At the 1978 New York Women’s Exposition, Marilyn Loden discussed women’s job development (or lack thereof) and coined the term “glass ceiling.”Popularized over a decade later by The Wall Street Journal. The name resurfaced when Hillary Clinton ran for president in 2008 and 2016.

This barrier sometimes prevents women and others from obtaining top executive or managerial positions in their firms. These jobs are male-dominated. Unspoken and unwritten prejudices limit promotion, not business regulations. Leaders who overcome prejudices and difficulties break the glass ceiling.

Glass Cliff Example

Many famous women have encountered glass cliffs.

Marissa Mayer

In 2012, Yahoo! named Marissa Mayer CEO after losing considerable market share to Google. The corporation had three CEOs in less than a year. Mayer resigned in 2017 under criticism after failing to improve the company’s course. She held the role for five years. Criticism attributed her performance to her effort, not an underperforming firm. White man Thomas McInerny replaced Mayer.

Jill Soltau

In 2018, JCPenney recruited its first female CEO. Only a few women have led Fortune 500 firms. Still, Jill Soltau was qualified after losses, shop closures, and struggles to adapt to customers’ shifting expectations in the digital age. Soltau was the president and CEO of Joann Stores and a 30-year industry veteran before taking the job.

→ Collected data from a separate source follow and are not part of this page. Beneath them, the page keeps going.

(* Let $w$ be a perfectly clustering word over a totally ordered alphabet, and let $a_1\pi_1a_2\pi_2\cdots\pi_{k-1}a_k$ be the palindromic special factorization of the Lyndon conjugate of $w$. Then for any two consecutive rows of the Burrows–Wheeler matrix of $w$, viewed as words $w'$ (upper row) and $w''$ (next row), there exist words $x,y,m$ such that $w'=ymx$, $w''=y\tilde m x$, and $xy\in\{\pi_1,\dots,\pi_{k-1}\}$.
   Context: $\tilde m$ denotes the reversal of the word $m$. A special factorization of a word $v$ is a factorization $v=a_1\pi_1a_2\cdots\pi_{k-1}a_k$ where the set of letters occurring in $v$ is $\{a_1<\cdots<a_k\}$ and $\pi_1,\dots,\pi_{k-1}$ are words; it is palindromic if every $\pi_i$ is a palindrome. Lexicographic order: a proper prefix is smaller. A Lyndon word is a primitive word strictly smaller than its other conjugates. For a primitive word $v$ of length $n$ with conjugates $v_1<\cdots<v_n$, $\mathrm{bw}(v)$ is the word formed by the last letters of $v_1,\dots,v_n$; $v$ is perfectly clustering if it is primitive and $\mathrm{bw}(v)$ is weakly decreasing. The Burrows–Wheeler matrix of $v$ has as rows the conjugates $v_1,\dots,v_n$ in this order. The Lyndon conjugate of a perfectly clustering word is perfectly clustering and has a unique palindromic special factorization. *)

theory Defs
  imports Main "HOL-Library.List_Lexorder"
begin

text \<open>Words are lists over a totally ordered alphabet. The order on words is the
lexicographic order of HOL-Library.List_Lexorder, in which a proper prefix is smaller.\<close>

definition primitive :: "'a list \<Rightarrow> bool" where
  "primitive v \<longleftrightarrow> v \<noteq> [] \<and> \<not> (\<exists>u k. 2 \<le> k \<and> v = concat (replicate k u))"

definition conjugates :: "'a list \<Rightarrow> 'a list set" where
  "conjugates v = {rotate i v | i. i < length v}"

definition lyndon :: "'a::linorder list \<Rightarrow> bool" where
  "lyndon v \<longleftrightarrow> primitive v \<and> (\<forall>u \<in> conjugates v. u \<noteq> v \<longrightarrow> v < u)"

text \<open>Rows of the Burrows-Wheeler matrix: the conjugates in increasing order
(for a primitive word they are pairwise distinct).\<close>
definition bw_matrix :: "'a::linorder list \<Rightarrow> 'a list list" where
  "bw_matrix v = sorted_list_of_set (conjugates v)"

definition bw :: "'a::linorder list \<Rightarrow> 'a list" where
  "bw v = map last (bw_matrix v)"

definition perfectly_clustering :: "'a::linorder list \<Rightarrow> bool" where
  "perfectly_clustering v \<longleftrightarrow> primitive v \<and> sorted_wrt (\<ge>) (bw v)"

text \<open>Given letters a1..ak and words p1..p(k-1), build a1 p1 a2 ... p(k-1) ak.\<close>
fun interleave :: "'a list \<Rightarrow> 'a list list \<Rightarrow> 'a list" where
  "interleave [] ps = []"
| "interleave (a # as) ps = a # concat (map2 (\<lambda>p b. p @ [b]) ps as)"

definition special_factorization :: "'a::linorder list \<Rightarrow> 'a list list \<Rightarrow> bool" where
  "special_factorization v ps \<longleftrightarrow>
     length ps + 1 = card (set v) \<and> v = interleave (sorted_list_of_set (set v)) ps"

definition palindromic_special_factorization :: "'a::linorder list \<Rightarrow> 'a list list \<Rightarrow> bool" where
  "palindromic_special_factorization v ps \<longleftrightarrow>
     special_factorization v ps \<and> (\<forall>p \<in> set ps. rev p = p)"

end

theory Submission
  imports Defs "HOL-Library.Multiset" "HOL-Library.Sublist"
begin

text \<open>For a perfectly clustering word the last column of the Burrows-Wheeler matrix is the
  reversed first column, and the LF-mapping propagates this to all columns: row \<open>n - 1 - j\<close> is
  the reversal of row \<open>j\<close>. Perfect clustering also forces every row lying between two rows with
  a common suffix to share that suffix, so two consecutive rows stay consecutive when their
  common prefix is rotated to the end. Rotated in this way, they start with different letters,
  so they are the last row starting with \<open>a\<^sub>i\<close> and the first row starting with \<open>a\<^sub>i\<^sub>+\<^sub>1\<close>.
  These two rows lie between the rotations of \<open>l\<close> and of its mirror image that end with the
  palindrome \<open>\<pi>\<^sub>i\<close>, hence both end with \<open>\<pi>\<^sub>i\<close>; counting consecutive pairs shows that they
  share no longer suffix, and the symmetry under reversal then forces them to be \<open>m \<pi>\<^sub>i\<close> and
  \<open>rev m \<pi>\<^sub>i\<close>.\<close>

lemma append_less_append_same_length_iff:
  fixes xs ys :: "'a::linorder list"
  shows "length xs = length ys \<Longrightarrow> xs @ us < ys @ vs \<longleftrightarrow> xs < ys \<or> xs = ys \<and> us < vs"
proof (induction xs arbitrary: ys)
  case (Cons x xs)
  then show ?case by (cases ys) auto
qed simp

lemma append_le_append_same_length_iff:
  fixes xs ys :: "'a::linorder list"
  shows "length xs = length ys \<Longrightarrow> xs @ us \<le> ys @ vs \<longleftrightarrow> xs < ys \<or> xs = ys \<and> us \<le> vs"
proof (induction xs arbitrary: ys)
  case (Cons x xs)
  then show ?case by (cases ys) auto
qed simp

lemma append_less_append_cancel_left: "zs @ xs < zs @ ys \<longleftrightarrow> xs < ys"
  for xs ys :: "'a::linorder list"
  by (induction zs) auto

lemma append_le_append_cancel_left: "zs @ xs \<le> zs @ ys \<longleftrightarrow> xs \<le> ys"
  for xs ys :: "'a::linorder list"
  by (induction zs) auto

lemma hd_le_hd_if_le: "xs \<noteq> [] \<Longrightarrow> ys \<noteq> [] \<Longrightarrow> xs \<le> ys \<Longrightarrow> hd xs \<le> hd ys"
  for xs ys :: "'a::linorder list"
  by (cases xs; cases ys) auto

lemma less_if_hd_less: "xs \<noteq> [] \<Longrightarrow> ys \<noteq> [] \<Longrightarrow> hd xs < hd ys \<Longrightarrow> xs < ys"
  for xs ys :: "'a::linorder list"
  by (cases xs; cases ys) auto

lemma prefix_if_between: "p @ xs \<le> z \<Longrightarrow> z \<le> p @ ys \<Longrightarrow> prefix p z"
  for z :: "'a::linorder list"
proof (induction p arbitrary: z)
  case (Cons c p)
  then obtain z' where "z = c # z'" by (cases z) auto
  with Cons show ?case by auto
qed simp

lemma sorted_wrt_less_nth_less_iff:
  fixes xs :: "'a::linorder list"
  assumes "sorted_wrt (<) xs" "i < length xs" "j < length xs"
  shows "xs ! i < xs ! j \<longleftrightarrow> i < j"
  using assms by (metis linorder_neqE_nat order_less_asym sorted_wrt_nth_less)

lemma rotate1_less_rotate1_iff:
  fixes u v :: "'a::linorder list"
  assumes "u \<noteq> []" "v \<noteq> []" "length u = length v" "hd u = hd v"
  shows "rotate1 u < rotate1 v \<longleftrightarrow> u < v"
  using assms
  by (cases u; cases v) (auto simp: append_less_append_same_length_iff)

lemma last_rotate1: "u \<noteq> [] \<Longrightarrow> last (rotate1 u) = hd u"
  by (cases u) auto

lemma rotate_in_conjugates: "v \<noteq> [] \<Longrightarrow> rotate i v \<in> conjugates v"
  unfolding conjugates_def by (metis (mono_tags, lifting) length_greater_0_conv mem_Collect_eq
      mod_less_divisor rotate_conv_mod)

lemma conjugates_eq_range_rotate: "v \<noteq> [] \<Longrightarrow> conjugates v = range (\<lambda>i. rotate i v)"
  using rotate_in_conjugates unfolding conjugates_def by blast

lemma interleave_infix:
  assumes "length ps = length as" "i < length ps"
  shows "\<exists>\<alpha> \<beta>. interleave (a # as) ps = \<alpha> @ [(a # as) ! i] @ ps ! i @ [(a # as) ! Suc i] @ \<beta>"
  using assms
proof (induction ps arbitrary: a as i)
  case (Cons p ps)
  then obtain b bs where as: "as = b # bs" by (cases as) auto
  have interleave: "interleave (a # as) (p # ps) = a # p @ interleave (b # bs) ps"
    using as by simp
  show ?case
  proof (cases i)
    case 0
    then show ?thesis
      using interleave as
      by (metis append_Cons append_Nil interleave.simps(2) nth_Cons_0 nth_Cons_Suc)
  next
    case (Suc i')
    then obtain \<alpha> \<beta>
      where "interleave (b # bs) ps = \<alpha> @ [(b # bs) ! i'] @ ps ! i' @ [(b # bs) ! Suc i'] @ \<beta>"
      using Cons as by fastforce
    then have "interleave (a # as) (p # ps)
      = (a # p @ \<alpha>) @ [(a # as) ! i] @ (p # ps) ! i @ [(a # as) ! Suc i] @ \<beta>"
      using interleave as Suc by simp
    then show ?thesis by blast
  qed
qed simp

lemma length_interleave:
  "length ps = length as \<Longrightarrow>
    length (interleave (a # as) ps) = Suc (\<Sum>i<length ps. Suc (length (ps ! i)))"
proof (induction ps arbitrary: a as)
  case (Cons p ps)
  then obtain b bs where as: "as = b # bs" by (cases as) auto
  have "length (interleave (a # as) (p # ps)) = Suc (length p) + length (interleave (b # bs) ps)"
    using as by simp
  also have "\<dots> = Suc (\<Sum>i<length (p # ps). Suc (length ((p # ps) ! i)))"
    using Cons as by (simp only: length_Cons sum.lessThan_Suc_shift nth_Cons_0 nth_Cons_Suc)
  finally show ?case .
qed simp

lemma split_mirrored_factors:
  assumes y1: "y1 @ x = m @ p" and y2: "y2 @ x = rev m @ p" and "hd m \<noteq> last m"
  obtains x0 where "y1 = m @ x0" "y2 = rev m @ x0" "p = x0 @ x"
proof (cases "length x \<le> length p")
  case True
  with y1 obtain x0 where "y1 = m @ x0" "p = x0 @ x"
    by (auto simp: append_eq_append_conv2)
  with y2 that show thesis by simp
next
  case False
  with y1 obtain us where us: "m = y1 @ us" "x = us @ p" "us \<noteq> []"
    by (auto simp: append_eq_append_conv2)
  with y2 have "rev m = y2 @ us" by simp
  then have "hd m = last us" by (metis last_appendR last_rev us(3))
  with us \<open>hd m \<noteq> last m\<close> show thesis by simp
qed

locale perfectly_clustering_word =
  fixes w :: "'a::linorder list"
  assumes perfectly_clustering: "perfectly_clustering w"
begin

abbreviation C :: "'a list set" where "C \<equiv> conjugates w"

abbreviation M :: "'a list list" where "M \<equiv> bw_matrix w"

lemma w_not_Nil: "w \<noteq> []"
  using perfectly_clustering unfolding perfectly_clustering_def primitive_def by auto

lemma conjugates_iff: "u \<in> C \<longleftrightarrow> (\<exists>i. u = rotate i w)"
  using conjugates_eq_range_rotate[OF w_not_Nil] by auto

lemma w_in_C: "w \<in> C"
  using conjugates_iff by (metis rotate0 id_apply)

lemma rotate_in_C: "u \<in> C \<Longrightarrow> rotate i u \<in> C"
  by (auto simp: conjugates_iff rotate_rotate)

Soltau entered a demanding industry. Experts predicted JCPenney’s bankruptcy due to its massive debt. The COVID-19 epidemic was terrible. Earlier than predicted, the firm declared bankruptcy in May 2020. Soltau resigned as CEO in December 2020.

When do women face glass cliffs?

During times of crisis or downturn, women in leadership capacities, such as corporate executives and political candidates, are more inclined to take on leadership duties than men.

What Do Companies Want From a Glass Cliff?

The glass cliff reinforces the damaging assumption that women and people of color can’t lead, maintaining the status quo. When women or minorities are elevated to leadership positions without support and fail, it is assumed they are bad leaders.

How Can Women Avoid Glass Cliffs?

Companies should ensure women and people of color in top leadership roles have the necessary resources for success. Women and minorities can reduce their risk of falling down an insurmountable glass cliff, but corporations must prevent it. To reduce unconscious prejudice, companies might offer women-specific leadership development and blind hiring.

Conclusion

  • A glass cliff is when women are elevated to top posts in specific businesses amid a crisis, setting them up for failure.
  • The word comes from the glass ceiling, an implicit constraint on women’s organizational advancement.
  • Promoting women offers employers someone to blame if they fail to turn the firm around.
  • Promoting women to senior posts helps companies maintain a progressive image, even if they fail.
  • If women fail, employers may recruit men without penalty.